Dynamic Random Sampler

A high-performance weighted random sampler with dynamic weight updates, implemented in Rust with Python bindings.

Overview

Dynamic Random Sampler implements the data structure from "Dynamic Generation of Discrete Random Variates" by Matias, Vitter, and Ni (1993/2003). Given N elements with weights w₁, w₂, ..., wₙ, it generates random index j with probability wⱼ/Σwᵢ.

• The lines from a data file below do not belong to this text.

lemma vee_update_lincomb:
  assumes "subspace V" "i < n" "\<forall>j<n. xs j \<in> V" "u \<in> V" "v \<in> V"
  shows "vee V n (xs(i := a *\<^sub>R u + b *\<^sub>R v)) =
           (\<lambda>\<phi>. a * vee V n (xs(i := u)) \<phi> + b * vee V n (xs(i := v)) \<phi>)"
proof
  fix \<phi>
  let ?vee = "\<lambda>xs. vee V n xs \<phi>"
  have "?vee (xs(i := a *\<^sub>R u + b *\<^sub>R v)) = ?vee (xs(i := a *\<^sub>R u)) + ?vee (xs(i := b *\<^sub>R v))"
    using assms by (intro multilinear_form_add[OF multilinear_form_vee]) (simp_all add: subspace_scale)
  then show "?vee (xs(i := a *\<^sub>R u + b *\<^sub>R v)) = a * ?vee (xs(i := u)) + b * ?vee (xs(i := v))"
    using assms by (simp add: multilinear_form_scaleR[OF multilinear_form_vee])
qed

lemma vee_eq_indexed_sum:
  obtains h where "\<forall>k<(fact n :: nat). h k permutes {..<n}"
    and "vee V n xs = (\<lambda>\<phi>. \<Sum>k<fact n. (1 / fact n) * etensor V n (xs \<circ> h k) \<phi>)"
proof -
  have card: "card {\<sigma>. \<sigma> permutes {..<n}} = fact n"
    by (simp add: card_permutations)
  obtain h where h: "bij_betw h {0..<(fact n :: nat)} {\<sigma>. \<sigma> permutes {..<n}}"
    using ex_bij_betw_nat_finite[OF finite_permutations[OF finite_lessThan[of n]]] unfolding card by blast
  then have "\<forall>k<fact n. h k permutes {..<n}"
    by (auto simp: bij_betw_def)
  moreover have "vee V n xs = (\<lambda>\<phi>. \<Sum>k<fact n. (1 / fact n) * etensor V n (xs \<circ> h k) \<phi>)"
    unfolding vee_eq_sum_etensor sum.reindex_bij_betw[OF h, symmetric] by (simp add: atLeast0LessThan)
  ultimately show ?thesis
    using that by blast
qed

lemma vee_in_tensor_space:
  assumes "\<forall>i<n. xs i \<in> V"
  shows "vee V n xs \<in> tensor_space V n"
proof -
  obtain h where h: "\<forall>k<(fact n :: nat). h k permutes {..<n}"
    and vee: "vee V n xs = (\<lambda>\<phi>. \<Sum>k<fact n. (1 / fact n) * etensor V n (xs \<circ> h k) \<phi>)"
    by (rule vee_eq_indexed_sum)
  have "\<forall>k<(fact n :: nat). \<forall>i<n. (xs \<circ> h k) i \<in> V"
    using h assms permutes_in_image by fastforce
  then show ?thesis
    unfolding tensor_space_def vee
    by (intro CollectI exI[of _ "fact n"] exI[of _ "\<lambda>_. 1 / fact n"] exI[of _ "\<lambda>k. xs \<circ> h k"]) simp
qed

lemma vee_permute_forms:
  assumes "\<tau> permutes {..<n}"
  shows "vee V n xs = (\<lambda>\<phi>. vee V n xs (\<lambda>ys. \<phi> (ys \<circ> \<tau>)))"
proof
  fix \<phi> :: "(nat \<Rightarrow> 'a) \<Rightarrow> real"
  have "multilinear_form V n \<phi>" if "multilinear_form V n (\<lambda>ys. \<phi> (ys \<circ> \<tau>))"
    using multilinear_form_permute[OF that permutes_inv[OF assms]]
    by (simp add: o_assoc[symmetric] permutes_inv_o(2)[OF assms])
  then have ml_iff: "multilinear_form V n (\<lambda>ys. \<phi> (ys \<circ> \<tau>)) \<longleftrightarrow> multilinear_form V n \<phi>"
    using multilinear_form_permute[OF _ assms] by blast
  have "(\<Sum>\<sigma>\<in>{\<sigma>. \<sigma> permutes {..<n}}. \<phi> (xs \<circ> \<sigma> \<circ> \<tau>)) = (\<Sum>\<sigma>\<in>{\<sigma>. \<sigma> permutes {..<n}}. \<phi> (xs \<circ> \<sigma>))"
    using sum_permutations_compose_right[OF assms, of "\<lambda>\<sigma>. \<phi> (xs \<circ> \<sigma>)"] by (simp add: o_assoc)
  then show "vee V n xs \<phi> = vee V n xs (\<lambda>ys. \<phi> (ys \<circ> \<tau>))"
    unfolding vee_apply ml_iff by simp
qed

lemma vee_in_sym_tensors: "\<forall>i<n. xs i \<in> V \<Longrightarrow> vee V n xs \<in> sym_tensors V n"
  unfolding sym_tensors_def using vee_in_tensor_space vee_permute_forms by blast

lemma sym_tensor_eq_sum_vee:
  assumes t: "t \<in> sym_tensors V n" and rep: "t = (\<lambda>\<phi>. \<Sum>k<K. a k * etensor V n (xs k) \<phi>)"
  shows "t = (\<lambda>\<phi>. \<Sum>k<K. a k * vee V n (xs k) \<phi>)"
proof
  fix \<phi>
  show "t \<phi> = (\<Sum>k<K. a k * vee V n (xs k) \<phi>)"
  proof (cases "multilinear_form V n \<phi>")
    case True
    let ?P = "{\<sigma>. \<sigma> permutes {..<n}}"
    have "t \<phi> = t (\<lambda>ys. \<phi> (ys \<circ> \<sigma>))" if "\<sigma> \<in> ?P" for \<sigma>
      using t that unfolding sym_tensors_def by (metis (mono_tags, lifting) mem_Collect_eq)
    also have "t (\<lambda>ys. \<phi> (ys \<circ> \<sigma>)) = (\<Sum>k<K. a k * \<phi> (xs k \<circ> \<sigma>))" if "\<sigma> \<in> ?P" for \<sigma>
      using multilinear_form_permute[OF True] that unfolding rep etensor_def by simp
    finally have "(\<Sum>\<sigma>\<in>?P. t \<phi>) = (\<Sum>\<sigma>\<in>?P. \<Sum>k<K. a k * \<phi> (xs k \<circ> \<sigma>))"
      by (rule sum.cong[OF refl])
    then have "t \<phi> = (1 / fact n) * (\<Sum>\<sigma>\<in>?P. \<Sum>k<K. a k * \<phi> (xs k \<circ> \<sigma>))"
      by (simp add: card_permutations field_simps)
    then show ?thesis
      unfolding vee_apply using True
      by (simp add: sum.swap[of _ "{..<K}"] sum_distrib_left sum_distrib_right mult_ac)
  next
    case False
    then show ?thesis
      unfolding rep vee_apply etensor_def by simp
  qed
qed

Performance Characteristics

Operation Time Complexity
Construction O(N)
Sample O(log* N) expected
Update weight O(log* N) amortized expected
Insert O(log* N) amortized expected
Delete O(log* N) amortized expected

Space complexity: O(N)

Where log N is the iterated logarithm - the number of times you must apply log₂ to N before reaching ≤1. For all practical values of N (up to 2^65536), log N ≤ 5, making operations effectively constant time.

Key Features

  • O(log* N) sampling - Practically constant time for any realistic dataset size
  • Dynamic weight updates - Change weights without rebuilding the entire structure
  • Stable indices - Indices never shift; soft-delete via zero weight preserves index validity
  • Wide weight ranges - Weights stored internally in log space for numerical stability (supports 10⁻³⁰⁰ to 10³⁰⁰)
  • Reproducible sampling - Seed the RNG for deterministic results
  • Pythonic API - SamplerList behaves like a list, SamplerDict behaves like a dict
  • Statistical validation - Built-in chi-squared goodness-of-fit testing

Installation

pip install dynamic-random-sampler

Quick Start

List-based Sampling

from dynamic_random_sampler import SamplerList

# Create a sampler with weights
sampler = SamplerList([1.0, 2.0, 3.0, 4.0])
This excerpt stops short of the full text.